This repo is the fork of this repo with some little extra weirdo features 🤠.
- Scrape HTML
- You can make pdf of all quizs
- Support faster scrapping with multithreading
- Support json response
Extracts all MCQs of a subject that you input the link of.
run the python main.py
file after getting the code using the Download zip button or following this link.
usage:
python main.py
A CLI Tool for scrapping quizs from SANFOUNDARY
optional arguments:
-h, --help show this help message and exit
--url URL URL of quiz
--pdf Generate PDF File
--thread Uses Multithreading for scrapping
--json return all quizs in json format
--workers WORKERS Maximum number of threads[ More number More speed but More
Unstability]
Batmobile lost the wheel lol
just run main.py using the following command
python main.py
or
python main.py --url {url-of-quiz}
this scrapper also uses multithreading
python main.py --url {url-of-quiz} --thread
Here workers are the number of threads. Default workers are 5 .

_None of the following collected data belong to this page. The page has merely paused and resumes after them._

(* Let $\mathcal G$ be a doubly connected molecular graph in which there is at least one edge joining an internal molecule to an external molecule. Then for any two isolated subsets of molecules $\mathbf M_1$ and $\mathbf M_2$ of $\mathcal G$, either $\mathbf M_1\subseteq \mathbf M_2$, or $\mathbf M_2\subseteq \mathbf M_1$, or $\mathbf M_1\cap \mathbf M_2=\emptyset$.
   Context: A molecular graph here is a finite multigraph whose vertices are called molecules; the molecules are partitioned into internal molecules and external molecules. Each edge joins two distinct molecules and has a type: it is a diffusive edge, a blue solid edge, or an edge of some other type (e.g. a dotted edge); parallel edges are allowed. The subgraph consisting of the internal molecules and the edges between them is doubly connected if there exist two disjoint sets of edges, $\mathcal B_{black}$ consisting only of diffusive edges between internal molecules and $\mathcal B_{blue}$ consisting only of blue solid or diffusive edges between internal molecules, such that each of $\mathcal B_{black}$ and $\mathcal B_{blue}$ contains a spanning tree of the set of all internal molecules. The molecular graph $\mathcal G$ is called doubly connected if this internal subgraph is doubly connected (the spanning trees need not contain the external molecules). A (nonempty) subset $\mathbf M$ of internal molecules is called isolated if the total number of edges of $\mathcal G$ (of any type) joining a molecule of $\mathbf M$ to a molecule of $\mathbf M^c$ is exactly two, where $\mathbf M^c$ consists of all internal molecules not in $\mathbf M$ together with all external molecules. *)

theory Defs
  imports Main
begin

datatype edge_type = Diffusive | BlueSolid | OtherType nat

text \<open>Edges are abstract identifiers (so parallel edges are allowed); each edge has a
  pair of endpoints (unordered in meaning) and a type.\<close>
record ('v, 'e) molgraph =
  internal :: "'v set"
  external :: "'v set"
  edges    :: "'e set"
  ends     :: "'e \<Rightarrow> 'v \<times> 'v"
  etype    :: "'e \<Rightarrow> edge_type"

definition molecules :: "('v, 'e) molgraph \<Rightarrow> 'v set" where
  "molecules G = internal G \<union> external G"

definition wf_molgraph :: "('v, 'e) molgraph \<Rightarrow> bool" where
  "wf_molgraph G \<longleftrightarrow>
     finite (internal G) \<and> finite (external G) \<and> finite (edges G) \<and>
     internal G \<inter> external G = {} \<and>
     (\<forall>e\<in>edges G. fst (ends G e) \<in> molecules G \<and> snd (ends G e) \<in> molecules G \<and>
                   fst (ends G e) \<noteq> snd (ends G e))"

definition joins :: "('v, 'e) molgraph \<Rightarrow> 'e \<Rightarrow> 'v set \<Rightarrow> 'v set \<Rightarrow> bool" where
  "joins G e A B \<longleftrightarrow>
     (fst (ends G e) \<in> A \<and> snd (ends G e) \<in> B) \<or> (snd (ends G e) \<in> A \<and> fst (ends G e) \<in> B)"

definition edge_rel :: "('v, 'e) molgraph \<Rightarrow> 'e set \<Rightarrow> ('v \<times> 'v) set" where
  "edge_rel G T = {(u, v). \<exists>e\<in>T. ends G e = (u, v) \<or> ends G e = (v, u)}"

definition is_spanning_tree :: "('v, 'e) molgraph \<Rightarrow> 'v set \<Rightarrow> 'e set \<Rightarrow> bool" where
  "is_spanning_tree G V T \<longleftrightarrow>
     finite T \<and>
     (\<forall>e\<in>T. fst (ends G e) \<in> V \<and> snd (ends G e) \<in> V) \<and>
     (\<forall>u\<in>V. \<forall>v\<in>V. (u, v) \<in> (edge_rel G T)\<^sup>*) \<and>
     card T + 1 = card V"

definition contains_spanning_tree :: "('v, 'e) molgraph \<Rightarrow> 'v set \<Rightarrow> 'e set \<Rightarrow> bool" where
  "contains_spanning_tree G V B \<longleftrightarrow> (\<exists>T\<subseteq>B. is_spanning_tree G V T)"

definition internal_edge :: "('v, 'e) molgraph \<Rightarrow> 'e \<Rightarrow> bool" where
  "internal_edge G e \<longleftrightarrow> e \<in> edges G \<and> fst (ends G e) \<in> internal G \<and> snd (ends G e) \<in> internal G"

definition doubly_connected :: "('v, 'e) molgraph \<Rightarrow> bool" where
  "doubly_connected G \<longleftrightarrow>
     (\<exists>Bblack Bblue.
        Bblack \<inter> Bblue = {} \<and>
        (\<forall>e\<in>Bblack. internal_edge G e \<and> etype G e = Diffusive) \<and>
        (\<forall>e\<in>Bblue. internal_edge G e \<and> (etype G e = BlueSolid \<or> etype G e = Diffusive)) \<and>
        contains_spanning_tree G (internal G) Bblack \<and>
        contains_spanning_tree G (internal G) Bblue)"

definition isolated :: "('v, 'e) molgraph \<Rightarrow> 'v set \<Rightarrow> bool" where
  "isolated G M \<longleftrightarrow>
     M \<noteq> {} \<and> M \<subseteq> internal G \<and>
     card {e \<in> edges G. joins G e M ((internal G - M) \<union> external G)} = 2"

end

theory Submission
  imports Defs
begin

You can change by passing --workers {thread-choice}
eg --workers 10
.
note - More workers can cause unstability
You can make pdf of scrapped quiz
python main.py --url {url-of-quiz} --thread --pdf
Get json file of all yours quizs
python main.py --url {url-of-quiz} --json
Input the URL of the Subject (for example, "https://www.sanfoundry.com/1000-object-oriented-programming-oops-questions-answers/") and run it to get a file in a folder named
Saved_MCQs
of all the MCQs of the subject.
run the following command if you are using the program for the first time.
pip install -r requirements.txt
to install requirements.
after that just run python main.py
with required flags.
Wheasyprint require gtk libraries so if you running windows machine which does not have gtk libraries you may require to download GTK for windows runtime envoironment libraries .
LOG: This is getting traction hehe so gonna make it better to use and better at output
- PDF Output instead of HTML or maybe optional idk
- setup script so that installable from pip
- good docs 💀
- plain text output format with just questions and answers in txt. easier to "study" xD.